Avant la conquête birmane, le nord-ouest de l’actuel état du Myanmar était occupé par le royaume d’Arakan qui se constitua à l’aube des premiers siècles de l’ère chrétienne. Celui-ci a toujours constitué une charnière entre les différents royaumes ou empires de Birmanie centrale et ceux du Bengale oriental, dont le développement historique vit l’alternance de longues périodes d’autonomie et de périodes d’occupation au cours desquelles les différents rois arakanais prêtèrent allégeance tantôt à la monarchie birmane, tantôt au sultanat du Bengale. Soumis au régime de Pagan dont il est tributaire entre les XIème et XIIIème siècles, l’Arakan peut être considéré à cette période comme un territoire transfrontalier, établit aux confins de la Birmanie et du Bengale, et jouissant d’une relative autonomie. Le royaume véritablement frontalier et voisin à l’ouest de l’empire birman était celui de Pattikkera dont le territoire correspondait à l’actuelle région sud-est du Bangladesh.

À l’extrémité sud du Myanmar actuel, dans la région du Ténassérim, s’est développé un petit royaume autour de la ville de Tavoy. La tradition situe son épanouissement aux alentours du VIIIème siècle de notre ère et ce territoire, que l’on rattache souvent au pays Môn sans qu’aucune preuve n’ait pu être apportée à ce sujet aujourd’hui, constituait une zone intermédiaire entre la Basse Birmanie et le monde Malais. Étant donné l’absence totale de sources ou de données archéologiques et épigraphiques qui permettent de l’assimiler à la culture môn, nous considèrons pour notre part que cette région de Tavoy s’est développée en marge du royaume Môn. Sa situation stratégique a souvent fait un enjeu militaire et un objet de rivalité entre la Birmanie et le Siam de cette région côtière qui connut, dès le XIème siècle, des périodes de domination alternée entre les deux états.

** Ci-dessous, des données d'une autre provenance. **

text \<open>Students are 0..<n*q, schools are 0..<n. A profile is a pair (pref, prio):
  pref i is student i's preference list over schools (most preferred first),
  prio s is school s's priority list over students (highest priority first).\<close>

type_synonym profile = "(nat \<Rightarrow> nat list) \<times> (nat \<Rightarrow> nat list)"

definition profiles :: "nat \<Rightarrow> nat \<Rightarrow> profile set" where
  "profiles n q = (PiE {..<n*q} (\<lambda>_. permutations_of_set {..<n}))
                  \<times> (PiE {..<n} (\<lambda>_. permutations_of_set {..<n*q}))"

definition random_problem :: "nat \<Rightarrow> nat \<Rightarrow> profile pmf" where
  "random_problem n q = pmf_of_set (profiles n q)"

definition prec :: "'a list \<Rightarrow> 'a \<Rightarrow> 'a \<Rightarrow> bool" where
  "prec xs a b \<longleftrightarrow> (\<exists>k l. k < l \<and> l < length xs \<and> xs ! k = a \<and> xs ! l = b)"

text \<open>DA state: k i = number of rejections student i has received so far;
  student i currently applies to (or is held by) school pref i ! k i.\<close>
definition applicants :: "nat \<Rightarrow> nat \<Rightarrow> profile \<Rightarrow> (nat \<Rightarrow> nat) \<Rightarrow> nat \<Rightarrow> nat set" where
  "applicants n q P k s = {i \<in> {..<n*q}. k i < n \<and> fst P i ! k i = s}"

definition rejected :: "nat \<Rightarrow> nat \<Rightarrow> profile \<Rightarrow> (nat \<Rightarrow> nat) \<Rightarrow> nat \<Rightarrow> bool" where
  "rejected n q P k i \<longleftrightarrow> i < n*q \<and> k i < n \<and>
     (let s = fst P i ! k i in
        card {j \<in> applicants n q P k s. prec (snd P s) j i} \<ge> q)"

definition da_round :: "nat \<Rightarrow> nat \<Rightarrow> profile \<Rightarrow> (nat \<Rightarrow> nat) \<Rightarrow> (nat \<Rightarrow> nat)" where
  "da_round n q P k = (\<lambda>i. if rejected n q P k i then Suc (k i) else k i)"

definition da_state :: "nat \<Rightarrow> nat \<Rightarrow> profile \<Rightarrow> nat \<Rightarrow> (nat \<Rightarrow> nat)" where
  "da_state n q P t = (da_round n q P ^^ t) (\<lambda>_. 0)"

definition applied :: "nat \<Rightarrow> nat \<Rightarrow> profile \<Rightarrow> nat \<Rightarrow> nat set" where
  "applied n q P i = {fst P i ! j | j t. j \<le> da_state n q P t i \<and> j < n}"

definition num_applications :: "nat \<Rightarrow> nat \<Rightarrow> profile \<Rightarrow> nat \<Rightarrow> nat" where
  "num_applications n q P i = card (applied n q P i)"

end

theory Submission
  imports Defs
begin

text \<open>Let B be the set of profiles in which every student of I0 ranks all schools of S1 last.
  DA only reads the prefixes of the preference lists that it reaches, so the profiles sharing the
  priorities of P and these prefixes form the class (cylinder) of P in a partition of the
  profile space.
  If P lies in the event, every reached prefix of a student in I0 avoids S1; conditioned on such a
  prefix of length m, the probability of ranking S1 last grows by at least the factor
  (1 - \<epsilon>)^(-m), because at least an \<epsilon>-fraction of the schools lies in S1. Hence
  B is at least (1 - \<epsilon>)^(-n sqrt(log n)) times denser in every class meeting the event
  than overall, and summing over the disjoint classes bounds the probability of the event.\<close>

lemma da_state_Suc: "da_state n q P (Suc t) = da_round n q P (da_state n q P t)"
  by (simp add: da_state_def)

lemma da_state_le: "da_state n q P t i \<le> n"
  by (induction t) (auto simp: da_state_def da_round_def rejected_def)

definition examined :: "nat \<Rightarrow> nat \<Rightarrow> profile \<Rightarrow> nat \<Rightarrow> nat" where
  "examined n q P i = min (Suc (Max (range (\<lambda>t. da_state n q P t i)))) n"

lemma less_examined_iff: "j < examined n q P i \<longleftrightarrow> j < n \<and> (\<exists>t. j \<le> da_state n q P t i)"
proof -
  let ?R = "range (\<lambda>t. da_state n q P t i)"
  have fin: "finite ?R"
    by (rule finite_subset[of _ "{..n}"]) (auto simp: da_state_le)
  obtain t0 where t0: "Max ?R = da_state n q P t0 i"
    using Max_in[OF fin] by auto
  have "j < Suc (Max ?R) \<longleftrightarrow> (\<exists>t. j \<le> da_state n q P t i)"
    using Max_ge[OF fin] t0 by (metis less_Suc_eq_le order_trans rangeI)
  then show ?thesis by (auto simp: examined_def)
qed

lemma examined_le: "examined n q P i \<le> n"
  by (simp add: examined_def)

lemma pref_in_permutations:
  "P \<in> profiles n q \<Longrightarrow> i < n*q \<Longrightarrow> fst P i \<in> permutations_of_set {..<n}"
  by (auto simp: profiles_def)

lemma applied_eq_set_take:
  assumes "P \<in> profiles n q" "i < n*q"
  shows "applied n q P i = set (take (examined n q P i) (fst P i))"
proof -
  have len: "length (fst P i) = n"
    using length_finite_permutations_of_set[OF pref_in_permutations[OF assms]] by simp
  have "applied n q P i = {fst P i ! j | j. j < examined n q P i}"
    by (auto simp: applied_def less_examined_iff)
  also have "\<dots> = set (take (examined n q P i) (fst P i))"
    using len examined_le[of n q P i] by (auto simp: set_conv_nth) (metis nth_take)
  finally show ?thesis .
qed

lemma num_applications_eq_examined:
  assumes "P \<in> profiles n q" "i < n*q"
  shows "num_applications n q P i = examined n q P i"
proof -
  have "fst P i \<in> permutations_of_set {..<n}" by (rule pref_in_permutations[OF assms])
  then have "distinct (fst P i)" "length (fst P i) = n"
    by (auto dest: permutations_of_setD length_finite_permutations_of_set)
  then show ?thesis
    using applied_eq_set_take[OF assms] examined_le[of n q P i]
    by (simp add: num_applications_def distinct_card)
qed

lemma da_state_eq_if_prefixes_agree:
  assumes "snd P' = snd P"
    and "\<forall>i<n*q. take (examined n q P i) (fst P' i) = take (examined n q P i) (fst P i)"
  shows "da_state n q P' t = da_state n q P t"
proof (induction t)
  case 0
  then show ?case by (simp add: da_state_def)
next
  case (Suc t)
  define k where "k = da_state n q P t"
  have same_school: "fst P' i ! k i = fst P i ! k i" if "i < n*q" "k i < n" for i
  proof -
    have "k i < examined n q P i" using that by (auto simp: k_def less_examined_iff)
    then show ?thesis using assms(2) that by (metis nth_take)
  qed
  then have "applicants n q P' k = applicants n q P k"
    by (auto simp: applicants_def)
  then have "rejected n q P' k = rejected n q P k"
    using same_school assms(1) by (auto simp: rejected_def Let_def fun_eq_iff)
  then show ?case using Suc by (simp add: da_state_Suc da_round_def k_def)
qed

lemma examined_eq_if_prefixes_agree:
  assumes "snd P' = snd P"
    and "\<forall>i<n*q. take (examined n q P i) (fst P' i) = take (examined n q P i) (fst P i)"
  shows "examined n q P' = examined n q P"
  using da_state_eq_if_prefixes_agree[OF assms] by (simp add: examined_def fun_eq_iff)

lemma drop_in_permutations_of_set:
  assumes "xs \<in> permutations_of_set U"
  shows "drop m xs \<in> permutations_of_set (U - set (take m xs))"
proof -
  have "distinct (take m xs @ drop m xs)" "set (take m xs @ drop m xs) = U"
    using assms by (simp_all add: permutations_of_setD)
  then show ?thesis by (auto simp del: append_take_drop_id)
qed

lemma card_permutations_with_prefix:
  assumes "finite U" "distinct p" "set p \<subseteq> U"
  shows "card {xs \<in> permutations_of_set U. take (length p) xs = p} = fact (card U - length p)"
proof -
  have "{xs \<in> permutations_of_set U. take (length p) xs = p} = (@) p ` permutations_of_set (U - set p)"
  proof (intro equalityI subsetI)
    fix xs assume xs: "xs \<in> {xs \<in> permutations_of_set U. take (length p) xs = p}"
    then have "xs = p @ drop (length p) xs" by (metis (mono_tags) append_take_drop_id mem_Collect_eq)
    moreover have "drop (length p) xs \<in> permutations_of_set (U - set p)"
      using drop_in_permutations_of_set[of xs U "length p"] xs by simp
    ultimately show "xs \<in> (@) p ` permutations_of_set (U - set p)" by blast
  qed (use assms in \<open>auto simp: permutations_of_set_def\<close>)
  moreover have "inj_on ((@) p) (permutations_of_set (U - set p))" by (simp add: inj_on_def)
  ultimately show ?thesis
    using assms by (simp add: card_image card_Diff_subset distinct_card)
qed
lemma downclosure_truth_set_diff:
  "downclosure (canonical_space \<Gamma>) (truth_set \<Gamma> a - truth_set \<Gamma> b) =
     prime_theories \<Gamma> - truth_set \<Gamma> (Imp a b)"
proof (rule set_eqI, rule iffI)
  fix T assume "T \<in> downclosure (canonical_space \<Gamma>) (truth_set \<Gamma> a - truth_set \<Gamma> b)"
  then obtain S where "prime_theory \<Gamma> T" "prime_theory \<Gamma> S" "T \<subseteq> S" "a \<in> S" "b \<notin> S"
    by (auto simp: downclosure_def)
  then have "Imp a b \<notin> T"
    using ick_theory_mp[OF prime_theory_ick_theory[OF \<open>prime_theory \<Gamma> S\<close>]] by blast
  then show "T \<in> prime_theories \<Gamma> - truth_set \<Gamma> (Imp a b)"
    using \<open>prime_theory \<Gamma> T\<close> by simp
next
  fix T assume "T \<in> prime_theories \<Gamma> - truth_set \<Gamma> (Imp a b)"
  then have T: "prime_theory \<Gamma> T" and "Imp a b \<notin> T"
    by simp_all
  then obtain S where "prime_theory \<Gamma> S" "T \<subseteq> S" "a \<in> S" "b \<notin> S"
    using prime_theory_Imp_witness[OF prime_theory_ick_theory[OF T]] by blast
  then show "T \<in> downclosure (canonical_space \<Gamma>) (truth_set \<Gamma> a - truth_set \<Gamma> b)"
    unfolding downclosure_def using T by (intro CollectI conjI bexI[of _ S]) simp_all
qed

lemma clopen_downclosure_canonical_space:
  assumes "clopen (canonical_space \<Gamma>) U"
  shows "clopen (canonical_space \<Gamma>) (downclosure (canonical_space \<Gamma>) U)"
proof -
  have U: "openin (canonical_topology \<Gamma>) U" "closedin (canonical_topology \<Gamma>) U"
    using assms by (simp_all add: clopen_def)
  obtain a b where ab: "\<And>T. T \<in> U \<Longrightarrow> a T \<in> T \<and> b T \<notin> T \<and> truth_set \<Gamma> (a T) - truth_set \<Gamma> (b T) \<subseteq> U"
    using canonical_topology_basis[OF U(1)] by metis
  have "U \<subseteq> (\<Union>T\<in>U. truth_set \<Gamma> (a T) - truth_set \<Gamma> (b T))"
    using ab openin_subset[OF U(1)] by fastforce
  then have "\<exists>J. finite J \<and> J \<subseteq> U \<and> U \<subseteq> (\<Union>T\<in>J. truth_set \<Gamma> (a T) - truth_set \<Gamma> (b T))"
    by (rule compact_space_closedin_finite_subcover[OF compact_space_canonical_topology U(2)
          openin_diff[OF openin_truth_set closedin_truth_set]])
  then obtain J where "finite J" "J \<subseteq> U" "U \<subseteq> (\<Union>T\<in>J. truth_set \<Gamma> (a T) - truth_set \<Gamma> (b T))"
    by blast
  then have "U = (\<Union>T\<in>J. truth_set \<Gamma> (a T) - truth_set \<Gamma> (b T))"
    using ab by blast
  then have "downclosure (canonical_space \<Gamma>) U =
      (\<Union>T\<in>J. downclosure (canonical_space \<Gamma>) (truth_set \<Gamma> (a T) - truth_set \<Gamma> (b T)))"
    by (auto simp: downclosure_def)
  also have "\<dots> = (\<Union>T\<in>J. prime_theories \<Gamma> - truth_set \<Gamma> (Imp (a T) (b T)))"
    by (simp add: downclosure_truth_set_diff)
  finally have down_eq: "downclosure (canonical_space \<Gamma>) U =
      (\<Union>T\<in>J. prime_theories \<Gamma> - truth_set \<Gamma> (Imp (a T) (b T)))" .
  have "openin (canonical_topology \<Gamma>) (\<Union>T\<in>J. prime_theories \<Gamma> - truth_set \<Gamma> (Imp (a T) (b T)))"
    using openin_truth_set_complement by blast
  moreover have "closedin (canonical_topology \<Gamma>) (\<Union>T\<in>J. prime_theories \<Gamma> - truth_set \<Gamma> (Imp (a T) (b T)))"
    using \<open>finite J\<close> closedin_truth_set_complement by (intro closedin_Union) auto
  ultimately show ?thesis
    unfolding clopen_def down_eq by simp
qed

À l’est, les hauts plateaux du pays Shan étaient déjà occupés, plusieurs siècles avant la conquête birmane, par les peuples shan organisés en petits royaumes. Divers princes locaux régnaient chacun sur un territoire restreint, constituant ainsi un paysage politique relativement morcelé. Les sources évoquant l’histoire ancienne des Shan sont rares et seules des études de terrain pourraient permettre d’élargir nos connaissances dans ce domaine, mais cette région n’entre pas directement dans le sujet qui nous concerne ici. C’est essentiellement à cause des particularités du milieu géographique que notre étude et nos prospections se sont limitées aux secteurs de plaine, laissant les hauts plateaux du pays Shan à de futures recherches. Les quelques données dont nous disposons aujourd’hui concernent essentiellement la région de Bhamo où, comme nous l’avons déjà évoqué précédemment, la vieille ville de Sampenago est connue pour avoir été une des anciennes capitales shan avant le XIème siècle 341 . Les environs de Möng Mit, au nord-est de Mogok, sembleraient également avoir correspondu à un centre important du pouvoir shan aux périodes qui nous intéressent. Tributaire de l’empire de Pagan, le territoire shan peut-être considéré, à l’instar de l’Arakan, comme une zone “tampon” ou transfrontalière qui bénéficiait également d’une certaine autonomie. Au-delà du pays Shan se trouvait un puissant voisin, le Nan-Chao, qui fit largement prévaloir sa puissance sur le peuple pyu. Cet état qui se désintégra progressivement connut ses heures de gloire au cours des VIIIème-IXème siècles.

Notes
339.

Leach 1960, p. 49.

340.

Cela semble avoir été le cas pour Beikthano et Maingmaw, et probablement pour d’autres établissements secondaires comme Thegon. Par contre, Halin conserva un rôle non négligeable à la période de Pagan, peut-être en raison de ses mines de sel, puisqu’un gouverneur y aurait été nommé. La région de Prome (Sri Ksetra) conserva aussi une partie de son importance puisqu’elle fut également le siège d’un gouverneur ; l’intérêt de Prome tenait sans doute à sa situation géographique, à mi chemin entre Pagan et les villes portuaires du delta.

341.

Cf. infra, partie 2, chapitre I pour la description des vestiges archéologiques.